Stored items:
(* For positive integers $K\le P$ and $\theta=(K,P)$, $\lim_{n\to\infty}T_n(\theta)/\binom{n}{3}=\beta(\theta)$ almost surely.
   Context: Random key graph: for positive integers $K\le P$, $\theta=(K,P)$ and $n\ge3$, let $K_1(\theta),\dots,K_n(\theta)$ be i.i.d. random subsets of $\{1,\dots,P\}$, each uniform over the $K$-element subsets; the random key graph $\mathbb{K}(n;\theta)$ on $\{1,\dots,n\}$ has an edge between distinct $i,j$ iff $K_i(\theta)\cap K_j(\theta)\ne\emptyset$; $T_n(\theta)$ is its number of triangles. All graphs for different $n$ are defined on a common probability space. $q(\theta)=\binom{P-K}{K}/\binom{P}{K}$ if $2K\le P$ and $0$ otherwise; $r(\theta)=\binom{P-2K}{K}/\binom{P}{K}$ if $3K\le P$ and $0$ otherwise; $\beta(\theta)=(1-q)^3+q^3-qr$. *)

theory Defs
  imports "HOL-Probability.Probability"
begin

definition key_rings :: "nat \<Rightarrow> nat \<Rightarrow> nat set set" where
  "key_rings K P = {S. S \<subseteq> {1..P} \<and> card S = K}"

definition q_rkg :: "nat \<Rightarrow> nat \<Rightarrow> real" where
  "q_rkg K P = (if 2 * K \<le> P then real ((P - K) choose K) / real (P choose K) else 0)"

definition r_rkg :: "nat \<Rightarrow> nat \<Rightarrow> real" where
  "r_rkg K P = (if 3 * K \<le> P then real ((P - 2 * K) choose K) / real (P choose K) else 0)"

definition beta_rkg :: "nat \<Rightarrow> nat \<Rightarrow> real" where
  "beta_rkg K P = (1 - q_rkg K P) ^ 3 + q_rkg K P ^ 3 - q_rkg K P * r_rkg K P"

definition rkg_adj :: "(nat \<Rightarrow> nat set) \<Rightarrow> nat \<Rightarrow> nat \<Rightarrow> bool" where
  "rkg_adj Ks i j \<longleftrightarrow> i \<noteq> j \<and> Ks i \<inter> Ks j \<noteq> {}"

definition triangles :: "(nat \<Rightarrow> nat set) \<Rightarrow> nat \<Rightarrow> nat" where
  "triangles Ks n = card {(i, j, k). 1 \<le> i \<and> i < j \<and> j < k \<and> k \<le> n \<and>
      rkg_adj Ks i j \<and> rkg_adj Ks j k \<and> rkg_adj Ks i k}"

end

theory Submission
  imports Defs "HOL-Library.Discrete_Functions" "HOL-Real_Asymp.Real_Asymp"
begin

text \<open>
  \<open>T\<^sub>n\<close> is the sum, over the triples \<open>i < j < k\<close>, of the indicators that the key rings of
  \<open>i, j, k\<close> pairwise intersect. Each indicator has mean \<open>\<beta>\<close>: a ring is disjoint from
  \<open>C(P-K,K)\<close> rings and two disjoint rings from \<open>C(P-2K,K)\<close>, so inclusion-exclusion over
  the three disjointness events gives \<open>(1-q)\<^sup>3 + q\<^sup>3 - qr\<close>. Indicators of vertex-disjoint
  triples are independent, hence only the \<open>O(n\<^sup>5)\<close> pairs of triples sharing a vertex
  contribute to the variance and \<open>E[(T\<^sub>n/C(n,3) - \<beta>)\<^sup>2] \<le> 216/n\<close>. Along the squares
  \<open>n = k\<^sup>2\<close> these bounds are summable, which gives almost sure convergence along squares;
  monotonicity of \<open>T\<^sub>n\<close> and \<open>C(n,3)\<close> together with \<open>C((k+1)\<^sup>2,3)/C(k\<^sup>2,3) \<rightarrow> 1\<close> fills
  the gaps.
\<close>

lemma sum_of_bool_eq_card: "finite A \<Longrightarrow> (\<Sum>x\<in>A. of_bool (P x)) = of_nat (card {x \<in> A. P x})"
  by (simp add: Int_def)

lemma finite_key_rings: "finite (key_rings K P)"
  unfolding key_rings_def by (rule finite_subset[of _ "Pow {1..P}"]) auto

lemma card_key_rings: "card (key_rings K P) = P choose K"
  unfolding key_rings_def using n_subsets[of "{1..P}" K] by simp

lemma key_rings_nonempty: "K \<le> P \<Longrightarrow> key_rings K P \<noteq> {}"
  using card_key_rings[of K P] by (auto simp: zero_less_binomial_iff)

lemma card_key_rings_disjnt:
  assumes "A \<subseteq> {1..P}"
  shows "card {B \<in> key_rings K P. disjnt A B} = (P - card A) choose K"
proof -
  have "{B \<in> key_rings K P. disjnt A B} = {B. B \<subseteq> {1..P} - A \<and> card B = K}"
    unfolding key_rings_def disjnt_def by auto
  moreover have "card ({1..P} - A) = P - card A"
    using assms by (simp add: card_Diff_subset finite_subset)
  ultimately show ?thesis using n_subsets[of "{1..P} - A" K] by simp
qed

lemma sum_disjnt_key_rings:
  assumes "A \<in> key_rings K P"
  shows "(\<Sum>B\<in>key_rings K P. of_bool (disjnt A B)) = real ((P - K) choose K)"
proof -
  have "(\<Sum>B\<in>key_rings K P. of_bool (disjnt A B)) = real (card {B \<in> key_rings K P. disjnt A B})"
    by (rule sum_of_bool_eq_card[OF finite_key_rings])
  then show ?thesis
    using assms card_key_rings_disjnt[of A P K] by (simp add: key_rings_def)
qed

lemma sum_disjnt_disjnt_key_rings:
  assumes "A \<in> key_rings K P" "B \<in> key_rings K P" "disjnt A B"
  shows "(\<Sum>C\<in>key_rings K P. of_bool (disjnt A C) * of_bool (disjnt B C))
    = real ((P - 2 * K) choose K)"
proof -
  have "card (A \<union> B) = 2 * K"
    using assms by (subst card_Un_disjnt) (auto simp: key_rings_def intro: finite_subset)
  moreover have "of_bool (disjnt A C) * of_bool (disjnt B C) = (of_bool (disjnt (A \<union> B) C) :: real)"
    for C by (auto simp: disjnt_def)
  moreover have "(\<Sum>C\<in>key_rings K P. of_bool (disjnt (A \<union> B) C))
      = real (card {C \<in> key_rings K P. disjnt (A \<union> B) C})"
    by (rule sum_of_bool_eq_card[OF finite_key_rings])
  ultimately show ?thesis
    using assms card_key_rings_disjnt[of "A \<union> B" P K] by (simp add: key_rings_def)
qed

definition triangle_ind :: "nat set \<Rightarrow> nat set \<Rightarrow> nat set \<Rightarrow> real" where
  "triangle_ind A B C = of_bool (\<not> disjnt A B \<and> \<not> disjnt B C \<and> \<not> disjnt A C)"

lemma sum_triangles_of_complement_regular:
  fixes d :: "'a \<Rightarrow> 'a \<Rightarrow> real" and S :: "'a set"
  defines "N \<equiv> real (card S)"
  assumes sym: "\<And>A B. d A B = d B A"
    and degree: "\<And>A. A \<in> S \<Longrightarrow> (\<Sum>B\<in>S. d A B) = D"
    and codegree: "\<And>A B. A \<in> S \<Longrightarrow> B \<in> S \<Longrightarrow> d A B * (\<Sum>C\<in>S. d A C * d B C) = d A B * R"
  shows "(\<Sum>A\<in>S. \<Sum>B\<in>S. \<Sum>C\<in>S. (1 - d A B) * (1 - d B C) * (1 - d A C))
    = N^3 - 3 * N^2 * D + 3 * N * D^2 - N * D * R"
proof -
  have expand: "(1 - d A B) * (1 - d B C) * (1 - d A C) =
      1 - d A B - d B C - d A C + d A B * d B C + d A B * d A C + d B C * d A C
        - d A B * (d A C * d B C)" for A B C
    by (simp add: algebra_simps)
  have paths: "(\<Sum>B\<in>S. \<Sum>C\<in>S. d B C * d A C) = D^2" if "A \<in> S" for A
  proof -
    have "(\<Sum>B\<in>S. \<Sum>C\<in>S. d B C * d A C) = (\<Sum>C\<in>S. (\<Sum>B\<in>S. d C B) * d A C)"
      by (subst sum.swap) (simp add: sum_distrib_right sym)
    also have "\<dots> = D^2"
      using degree that by (simp add: power2_eq_square flip: sum_distrib_left)
    finally show ?thesis .
  qed
  have "(\<Sum>A\<in>S. \<Sum>B\<in>S. \<Sum>C\<in>S. d A B * (d A C * d B C)) = (\<Sum>A\<in>S. \<Sum>B\<in>S. d A B * R)"
    by (intro sum.cong refl) (simp add: codegree flip: sum_distrib_left)
  then have triangles: "(\<Sum>A\<in>S. \<Sum>B\<in>S. \<Sum>C\<in>S. d A B * (d A C * d B C)) = N * D * R"
    using degree by (simp add: N_def flip: sum_distrib_right)
  show ?thesis
    unfolding expand sum.distrib sum_subtractf
    using degree paths triangles
    by (simp add: N_def power2_eq_square power3_eq_cube flip: sum_distrib_left sum_distrib_right)
qed
lemma triangle_ind_nonneg: "0 \<le> triangle_ind A B C"
  and triangle_ind_le_1: "triangle_ind A B C \<le> 1"
  unfolding triangle_ind_def by auto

YOUR INSTRUCTIONS - A line qualifies when it holds the word "then"; report all qualifying lines from the records above.

SOLUTION TO THIS EXERCISE -
  "q_rkg K P = (if 2 * K \<le> P then real ((P - K) choose K) / real (P choose K) else 0)"
  "r_rkg K P = (if 3 * K \<le> P then real ((P - 2 * K) choose K) / real (P choose K) else 0)"
  then show ?thesis
  then have triangles: "(\<Sum>A\<in>S. \<Sum>B\<in>S. \<Sum>C\<in>S. d A B * (d A C * d B C)) = N * D * R"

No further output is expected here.